Abstract 10070: Sestrin2 Mediates the LKB1-AMPK Signaling Cascade in the Ischemic Heart
Background: AMP-activated Protein Kinase (AMPK) has recently emerged as a pertinent stress-activated kinase shown to have substantial cardioprotective capabilities against myocardial ischemia/reperfusion (I/R) injury. The regulation and activation of AMPK in the ischemic and reperfused heart still remains largely elusive and is critical to the development of new therapeutic strategies. In this study, we hypothesized that a novel stress-inducible protein, sestrin2, mediates AMPK activation in the ischemic heart.
Methods and Results: C57BL/6 mice were subjected to left anterior descending coronary artery occlusion for different time points of ischemia and I/R in order to detect the signaling activity in the left ventricle. The kinetics of AMPK phosphorylation at Thr172 of the α catalytic subunit appears brief and bell-shaped, peaking between 10 and 15 min (3.6-fold vs. sham, p<0.01), decreasing with prolonged ischemia (30 min, 2-fold vs. sham, p<0.05), and leveling off to basal levels upon reperfusion. Intriguingly, at 10 min of ischemia, there was also a robust increase in p53 accumulation compared to basal conditions (8.2-fold vs. sham, p<0.05). Consequently, sestrin2 a p53-inducible protein, accumulates at the peak of ischemic AMPK activation (10 min, 2.5-fold vs. sham, p<0.05). Respective left ventricle lysates were immunoprecipitated with sestrin2 and the immunoblots revealed that sestrin2 interacts and forms a complex with AMPK during I/R, moreover, AMPKα2 is the predominant isoform that interact with sestrin2 as compared to AMPKα1 isoform during I/R. Interestingly, LKB1, an upstream AMPK kinase becomes significantly associated with sestrin2 (5 min, 11.8-fold vs. sham, p<0.01), while there is a dramatic interaction between sestrin2 and p-AMPK (Thr172) (10 min, 4.5-fold vs. sham, p<0.01), suggesting the interaction of LKB1 with sestrin2 initiates the phosphorylation of AMPK in this complex.
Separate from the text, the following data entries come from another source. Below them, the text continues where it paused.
(* Let $(H_X,H_Z)$ be a CSS code on $n$ qubits with $k$ logical qubits and $Z$-distance $d_Z$. Define the CSS code on $2n$ qubits with $X$-stabilizer matrix $H'_X=\begin{pmatrix}H_X&H_X\\0&H_Z\end{pmatrix}$ and $Z$-stabilizer matrix $H'_Z=\begin{pmatrix}H_Z&0\\H_X&H_X\end{pmatrix}$. Then $H'_X{H'_Z}^T=0$, the code encodes $2k$ logical qubits, and its $X$- and $Z$-distances are both equal to $$d'=\min\Big[d_Z,\ \min_{l\in\ker H_Z\setminus\mathrm{rs}(H_X),\ g\in\ker H_X}\big(2|l|+|g|-2|l\wedge g|\big)\Big].$$
   Context: Arithmetic over $\mathbb F_2$; $|v|$ is Hamming weight; $l\wedge g$ is the coordinatewise product; $\mathrm{rs}$ is row space and $\ker M=\{v:Mv^T=0\}$. For a CSS code $(H_X,H_Z)$: $k=n-\operatorname{rank}H_X-\operatorname{rank}H_Z$, $d_X=\min\{|v|:v\in\ker H_Z\setminus\mathrm{rs}(H_X)\}$, $d_Z=\min\{|v|:v\in\ker H_X\setminus\mathrm{rs}(H_Z)\}$. The new code corresponds to placing the code and its Hadamard-dual side by side and applying transversal CNOTs from the first to the second block. *)

theory Defs
  imports "Jordan_Normal_Form.VS_Connect" "Jordan_Normal_Form.DL_Rank"
          "Jordan_Normal_Form.Matrix_Kernel" "HOL-Library.Z2" "HOL-Library.Extended_Nat"
begin

definition hwt :: "bit vec \<Rightarrow> nat" where
  "hwt v = card {i. i < dim_vec v \<and> v $ i \<noteq> 0}"

definition vwedge :: "bit vec \<Rightarrow> bit vec \<Rightarrow> bit vec" where
  "vwedge l g = vec (dim_vec l) (\<lambda>i. l $ i * g $ i)"

text \<open>Rank over F_2 (column rank = row rank); columns live in F_2^(dim_row H).\<close>
definition rank2 :: "bit mat \<Rightarrow> nat" where
  "rank2 H = vec_space.rank (dim_row H) (H :: bit mat)"

definition rs :: "bit mat \<Rightarrow> bit vec set" where
  "rs H = vec_space.row_space (dim_col H) (H :: bit mat)"

definition ker :: "bit mat \<Rightarrow> bit vec set" where
  "ker H = mat_kernel H"

definition css_k :: "bit mat \<Rightarrow> bit mat \<Rightarrow> nat" where
  "css_k HX HZ = dim_col HX - rank2 HX - rank2 HZ"

text \<open>Distances as extended naturals: minimum over an empty set is infinity.\<close>
definition css_dX :: "bit mat \<Rightarrow> bit mat \<Rightarrow> enat" where
  "css_dX HX HZ = Inf ((\<lambda>v. enat (hwt v)) ` (ker HZ - rs HX))"

definition css_dZ :: "bit mat \<Rightarrow> bit mat \<Rightarrow> enat" where
  "css_dZ HX HZ = Inf ((\<lambda>v. enat (hwt v)) ` (ker HX - rs HZ))"

end

theory Submission
  imports Defs
begin

text \<open>Undo the transversal CNOT: write a vector of the new code as \<open>l @ (l + c)\<close>.
In the coordinates \<open>(l, c)\<close> the kernel of \<open>H'_Z\<close> becomes \<open>ker HZ \<times> ker HX\<close> and
the row space of \<open>H'_X\<close> becomes \<open>rs HX \<times> rs HZ\<close>, so the X-logicals are the vectors
\<open>l @ (l + c)\<close> with \<open>(l, c)\<close> in the first product but not in the second, of weight
\<open>|l| + |l + c| = 2|l| + |c| - 2|l \<and> c|\<close>; the Z-logicals are the same vectors with the
halves swapped. If \<open>l \<notin> rs HX\<close> this weight is a term of the second minimum in \<open>d'\<close>;
otherwise \<open>c\<close> is a Z-logical of the old code and the weight is at least \<open>|c|\<close>, with
equality for \<open>l = 0\<close>. The ranks add up because the column space of either new matrix is
the product of the old column spaces, and over \<open>F_2\<close> a column space has \<open>2^rank\<close>
elements.\<close>

section \<open>Concatenated vectors over F_2\<close>

lemma UNIV_bit: "(UNIV :: bit set) = {0, 1}"
  using bit.exhaust by auto

lemma bit_add_eq_0_iff: "(x :: bit) + y = 0 \<longleftrightarrow> x = y"
  by (cases x; cases y) auto

lemma bit_vec_add_self: "(v :: bit vec) \<in> carrier_vec n \<Longrightarrow> v + v = 0\<^sub>v n"
  by (intro eq_vecI) auto

lemma bit_vec_add_cancel_left:
  "(a :: bit vec) \<in> carrier_vec n \<Longrightarrow> c \<in> carrier_vec n \<Longrightarrow> a + (a + c) = c"
  by (intro eq_vecI) (auto simp: add.assoc[symmetric])

lemma bit_vec_add_cancel_right:
  "(a :: bit vec) \<in> carrier_vec n \<Longrightarrow> c \<in> carrier_vec n \<Longrightarrow> (c + a) + a = c"
  by (intro eq_vecI) (auto simp: add.assoc)

lemma zero_append_vec: "0\<^sub>v (p + q) = 0\<^sub>v p @\<^sub>v (0\<^sub>v q :: 'a :: zero vec)"
  by (intro eq_vecI) auto

lemma carrier_vec_add_image:
  "carrier_vec (n + m) = (\<lambda>(a, b). a @\<^sub>v b) ` (carrier_vec n \<times> carrier_vec m)"
proof (intro equalityI subsetI)
  fix v assume "v \<in> carrier_vec (n + m)"
  then show "v \<in> (\<lambda>(a, b). a @\<^sub>v b) ` (carrier_vec n \<times> carrier_vec m)"
    by (intro image_eqI[where x = "(vec_first v n, vec_last v m)"]) auto
qed auto

lemma set_eq_append_vecI:
  fixes X Y :: "'a vec set"
  assumes "X \<subseteq> carrier_vec (n + m)" and "Y \<subseteq> carrier_vec (n + m)"
    and "\<And>a b :: 'a vec. a \<in> carrier_vec n \<Longrightarrow> b \<in> carrier_vec m \<Longrightarrow> a @\<^sub>v b \<in> X \<longleftrightarrow> a @\<^sub>v b \<in> Y"
  shows "X = Y"
proof (rule Set.set_eqI)
  fix v
  show "v \<in> X \<longleftrightarrow> v \<in> Y"
  proof (cases "v \<in> carrier_vec (n + m)")
    case True
    then have "v = vec_first v n @\<^sub>v vec_last v m" by simp
    moreover have "vec_first v n \<in> carrier_vec n" "vec_last v m \<in> carrier_vec m" by auto
    ultimately show ?thesis using assms(3) by metis
  next
    case False
    then show ?thesis using assms(1,2) by blast
  qed
qed

lemma image_add_fst_carrier_vec:
  "(\<lambda>(a, b). (a + b, b)) ` (carrier_vec n \<times> carrier_vec n)
   = (carrier_vec n \<times> carrier_vec n :: (bit vec \<times> bit vec) set)"
  (is "?f ` ?C = ?C")
proof
  show "?C \<subseteq> ?f ` ?C"
  proof clarify
    fix x b :: "bit vec" assume x: "x \<in> carrier_vec n" and b: "b \<in> carrier_vec n"
    show "(x, b) \<in> ?f ` ?C"
      using bit_vec_add_cancel_right[OF b x] x b by (intro image_eqI[where x = "(x + b, b)"]) auto
  qed
qed auto

lemma image_add_snd_carrier_vec:
  "(\<lambda>(a, b). (a, a + b)) ` (carrier_vec n \<times> carrier_vec n)
   = (carrier_vec n \<times> carrier_vec n :: (bit vec \<times> bit vec) set)"
  (is "?f ` ?C = ?C")
proof
  show "?C \<subseteq> ?f ` ?C"
  proof clarify
    fix a y :: "bit vec" assume a: "a \<in> carrier_vec n" and y: "y \<in> carrier_vec n"
    show "(a, y) \<in> ?f ` ?C"
      using bit_vec_add_cancel_left[OF a y] a y by (intro image_eqI[where x = "(a, a + y)"]) auto
  qed
qed auto

lemma append_mem_image_cnot_iff:
  fixes S :: "(bit vec \<times> bit vec) set"
  assumes S: "S \<subseteq> carrier_vec n \<times> carrier_vec n"
    and a: "a \<in> carrier_vec n" and b: "b \<in> carrier_vec n"
  shows "a @\<^sub>v b \<in> (\<lambda>(l, c). l @\<^sub>v (l + c)) ` S \<longleftrightarrow> (a, a + b) \<in> S"
proof
  assume "a @\<^sub>v b \<in> (\<lambda>(l, c). l @\<^sub>v (l + c)) ` S"
  then obtain l c where lc: "(l, c) \<in> S" and eq: "a @\<^sub>v b = l @\<^sub>v (l + c)" by auto
  have "l \<in> carrier_vec n" "c \<in> carrier_vec n" using lc S by auto
  then show "(a, a + b) \<in> S" using eq lc a bit_vec_add_cancel_left[of l n c] by auto
next
  assume "(a, a + b) \<in> S"
  moreover have "a @\<^sub>v b = a @\<^sub>v (a + (a + b))" using a b bit_vec_add_cancel_left[of a n b] by simp
  ultimately show "a @\<^sub>v b \<in> (\<lambda>(l, c). l @\<^sub>v (l + c)) ` S" by force
qed

lemma append_mem_image_swapped_cnot_iff:
  fixes S :: "(bit vec \<times> bit vec) set"
  assumes S: "S \<subseteq> carrier_vec n \<times> carrier_vec n"
    and a: "a \<in> carrier_vec n" and b: "b \<in> carrier_vec n"
  shows "a @\<^sub>v b \<in> (\<lambda>(l, c). (l + c) @\<^sub>v l) ` S \<longleftrightarrow> (b, a + b) \<in> S"
proof
  assume "a @\<^sub>v b \<in> (\<lambda>(l, c). (l + c) @\<^sub>v l) ` S"
  then obtain l c where lc: "(l, c) \<in> S" and eq: "a @\<^sub>v b = (l + c) @\<^sub>v l" by auto
  have l: "l \<in> carrier_vec n" and c: "c \<in> carrier_vec n" using lc S by auto
  then have "a = l + c" "b = l" using eq a by auto
  moreover have "(l + c) + l = c"
    using comm_add_vec[of "l + c" n l] bit_vec_add_cancel_left[OF l c] l c by simp
  ultimately show "(b, a + b) \<in> S" using lc by simp
next
  assume "(b, a + b) \<in> S"
  moreover have "b + (a + b) = a"
    using comm_add_vec[OF a b] bit_vec_add_cancel_left[OF b a] by simp
  ultimately show "a @\<^sub>v b \<in> (\<lambda>(l, c). (l + c) @\<^sub>v l) ` S" by force
qed

section \<open>Hamming weight\<close>

lemma hwt_eq_sum: "hwt v = (\<Sum>i<dim_vec v. of_bool (v $ i \<noteq> 0))"
proof -
  have "{i. i < dim_vec v \<and> v $ i \<noteq> 0} = {i \<in> {..<dim_vec v}. v $ i \<noteq> 0}" by auto
  then show ?thesis
    unfolding hwt_def card_eq_sum by (simp only: sum.inter_filter[OF finite_lessThan] of_bool_def)
qed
Conclusions: Here we show for the first time evidence of a unique mechanism that suggests sestrin2 is a stress-induced scaffold protein that mediates the activation of AMPK in the ischemic myocardium via a time-dependent interaction with LKB1. These acute signaling events appear to be largely mediated by p53.
- © 2011 by American Heart Association, Inc.